Assignment
What follows is a listing to be transcribed exactly.

(Beginning of Dataset records)

(* Let $s_\alpha$ be a defining map for $\Lambda^{d-k}\subset(M,g)$ with Gram matrix $G_{\alpha\beta}=\delta_{\alpha\beta}+\mathcal O(s^2)$, and set $n_{a\alpha}:=\nabla_a s_\alpha$ (so $\{n_\alpha|_\Lambda\}$ is an orthonormal frame of $N\Lambda$). Then along $\Lambda$ $$n^b_\alpha\nabla_a n_{b\beta}=\beta_{a\alpha\beta},\qquad \nabla_a n_{b\beta}={\rm II}_{ab\beta}+n_{b\alpha}\beta_{a\alpha\beta}+n_{a\alpha}\beta_{b\alpha\beta},$$ and $[n_\alpha,n_\beta]^a=2\beta^a{}_{\alpha\beta}$ on $\Lambda$.
   Context: $(M,g)$ Riemannian with Levi-Civita connection $\nabla$; Greek indices in $\{1,\dots,k\}$, repeated ones summed. Gram matrix $G_{\alpha\beta}=g^{ab}\nabla_as_\alpha\nabla_bs_\beta$; $\mathcal O(s^2)$ means a finite sum of terms $s_\gamma s_\delta T_{\gamma\delta}$ with $T$ smooth. $\bar g^a_b=\delta^a_b-n^a_\alpha n_{b\alpha}$, $\nabla^\top_a=\bar g^b_a\nabla_b$. Second fundamental form ${\rm II}_{ab\alpha}:=\bar g_{bc}\nabla^\top_a n^c_\alpha$; normal fundamental form $\beta_{a\alpha\beta}:=n^b_\alpha\nabla^\top_an_{b\beta}$ (both computed from the frame $n_\alpha|_\Lambda$). *)

theory Defs
  imports "HOL-Analysis.Analysis"
begin

text \<open>Local-coordinate model: the Riemannian manifold is an open set U of real^'d
 with metric components g x (a symmetric positive definite matrix at each point).
 Latin indices range over 'd, Greek indices over the finite type 'k.\<close>

definition pd :: "'d::finite \<Rightarrow> (real^'d \<Rightarrow> real) \<Rightarrow> real^'d \<Rightarrow> real" where
  "pd i f x = frechet_derivative f (at x) (axis i 1)"

fun Ck :: "nat \<Rightarrow> (real^'d::finite) set \<Rightarrow> (real^'d \<Rightarrow> real) \<Rightarrow> bool" where
  "Ck 0 U f = continuous_on U f"
| "Ck (Suc n) U f = (f differentiable_on U \<and> (\<forall>i. Ck n U (pd i f)))"

definition smooth_on :: "(real^'d::finite) set \<Rightarrow> (real^'d \<Rightarrow> real) \<Rightarrow> bool" where
  "smooth_on U f = (\<forall>n. Ck n U f)"

definition riemannian_metric :: "(real^'d::finite) set \<Rightarrow> (real^'d \<Rightarrow> real^'d^'d) \<Rightarrow> bool" where
  "riemannian_metric U g = (open U \<and> (\<forall>a b. smooth_on U (\<lambda>x. g x $ a $ b)) \<and>
     (\<forall>x\<in>U. transpose (g x) = g x \<and> (\<forall>v. v \<noteq> 0 \<longrightarrow> v \<bullet> (g x *v v) > 0)))"

definition ginv :: "(real^'d::finite \<Rightarrow> real^'d^'d) \<Rightarrow> real^'d \<Rightarrow> 'd \<Rightarrow> 'd \<Rightarrow> real" where
  "ginv g x a b = matrix_inv (g x) $ a $ b"

definition Gamma :: "(real^'d::finite \<Rightarrow> real^'d^'d) \<Rightarrow> 'd \<Rightarrow> 'd \<Rightarrow> 'd \<Rightarrow> real^'d \<Rightarrow> real" where
  "Gamma g c a b x = (1/2) * (\<Sum>e\<in>UNIV. ginv g x c e *
      (pd a (\<lambda>y. g y $ e $ b) x + pd b (\<lambda>y. g y $ e $ a) x - pd e (\<lambda>y. g y $ a $ b) x))"

definition cov_form :: "(real^'d::finite \<Rightarrow> real^'d^'d) \<Rightarrow> ('d \<Rightarrow> real^'d \<Rightarrow> real) \<Rightarrow> 'd \<Rightarrow> 'd \<Rightarrow> real^'d \<Rightarrow> real" where
  "cov_form g w a b x = pd a (w b) x - (\<Sum>c\<in>UNIV. Gamma g c a b x * w c x)"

(End of Dataset records)

Solved exercise
(* Let $s_\alpha$ be a defining map for $\Lambda^{d-k}\subset(M,g)$ with Gram matrix $G_{\alpha\beta}=\delta_{\alpha\beta}+\mathcal O(s^2)$, and set $n_{a\alpha}:=\nabla_a s_\alpha$ (so $\{n_\alpha|_\Lambda\}$ is an orthonormal frame of $N\Lambda$). Then along $\Lambda$ $$n^b_\alpha\nabla_a n_{b\beta}=\beta_{a\alpha\beta},\qquad \nabla_a n_{b\beta}={\rm II}_{ab\beta}+n_{b\alpha}\beta_{a\alpha\beta}+n_{a\alpha}\beta_{b\alpha\beta},$$ and $[n_\alpha,n_\beta]^a=2\beta^a{}_{\alpha\beta}$ on $\Lambda$.
   Context: $(M,g)$ Riemannian with Levi-Civita connection $\nabla$; Greek indices in $\{1,\dots,k\}$, repeated ones summed. Gram matrix $G_{\alpha\beta}=g^{ab}\nabla_as_\alpha\nabla_bs_\beta$; $\mathcal O(s^2)$ means a finite sum of terms $s_\gamma s_\delta T_{\gamma\delta}$ with $T$ smooth. $\bar g^a_b=\delta^a_b-n^a_\alpha n_{b\alpha}$, $\nabla^\top_a=\bar g^b_a\nabla_b$. Second fundamental form ${\rm II}_{ab\alpha}:=\bar g_{bc}\nabla^\top_a n^c_\alpha$; normal fundamental form $\beta_{a\alpha\beta}:=n^b_\alpha\nabla^\top_an_{b\beta}$ (both computed from the frame $n_\alpha|_\Lambda$). *)

theory Defs
  imports "HOL-Analysis.Analysis"
begin

text \<open>Local-coordinate model: the Riemannian manifold is an open set U of real^'d
 with metric components g x (a symmetric positive definite matrix at each point).
 Latin indices range over 'd, Greek indices over the finite type 'k.\<close>

definition pd :: "'d::finite \<Rightarrow> (real^'d \<Rightarrow> real) \<Rightarrow> real^'d \<Rightarrow> real" where
  "pd i f x = frechet_derivative f (at x) (axis i 1)"

fun Ck :: "nat \<Rightarrow> (real^'d::finite) set \<Rightarrow> (real^'d \<Rightarrow> real) \<Rightarrow> bool" where
  "Ck 0 U f = continuous_on U f"
| "Ck (Suc n) U f = (f differentiable_on U \<and> (\<forall>i. Ck n U (pd i f)))"

definition smooth_on :: "(real^'d::finite) set \<Rightarrow> (real^'d \<Rightarrow> real) \<Rightarrow> bool" where
  "smooth_on U f = (\<forall>n. Ck n U f)"

definition riemannian_metric :: "(real^'d::finite) set \<Rightarrow> (real^'d \<Rightarrow> real^'d^'d) \<Rightarrow> bool" where
  "riemannian_metric U g = (open U \<and> (\<forall>a b. smooth_on U (\<lambda>x. g x $ a $ b)) \<and>
     (\<forall>x\<in>U. transpose (g x) = g x \<and> (\<forall>v. v \<noteq> 0 \<longrightarrow> v \<bullet> (g x *v v) > 0)))"

definition ginv :: "(real^'d::finite \<Rightarrow> real^'d^'d) \<Rightarrow> real^'d \<Rightarrow> 'd \<Rightarrow> 'd \<Rightarrow> real" where
  "ginv g x a b = matrix_inv (g x) $ a $ b"

definition Gamma :: "(real^'d::finite \<Rightarrow> real^'d^'d) \<Rightarrow> 'd \<Rightarrow> 'd \<Rightarrow> 'd \<Rightarrow> real^'d \<Rightarrow> real" where
  "Gamma g c a b x = (1/2) * (\<Sum>e\<in>UNIV. ginv g x c e *
      (pd a (\<lambda>y. g y $ e $ b) x + pd b (\<lambda>y. g y $ e $ a) x - pd e (\<lambda>y. g y $ a $ b) x))"

definition cov_form :: "(real^'d::finite \<Rightarrow> real^'d^'d) \<Rightarrow> ('d \<Rightarrow> real^'d \<Rightarrow> real) \<Rightarrow> 'd \<Rightarrow> 'd \<Rightarrow> real^'d \<Rightarrow> real" where
  "cov_form g w a b x = pd a (w b) x - (\<Sum>c\<in>UNIV. Gamma g c a b x * w c x)"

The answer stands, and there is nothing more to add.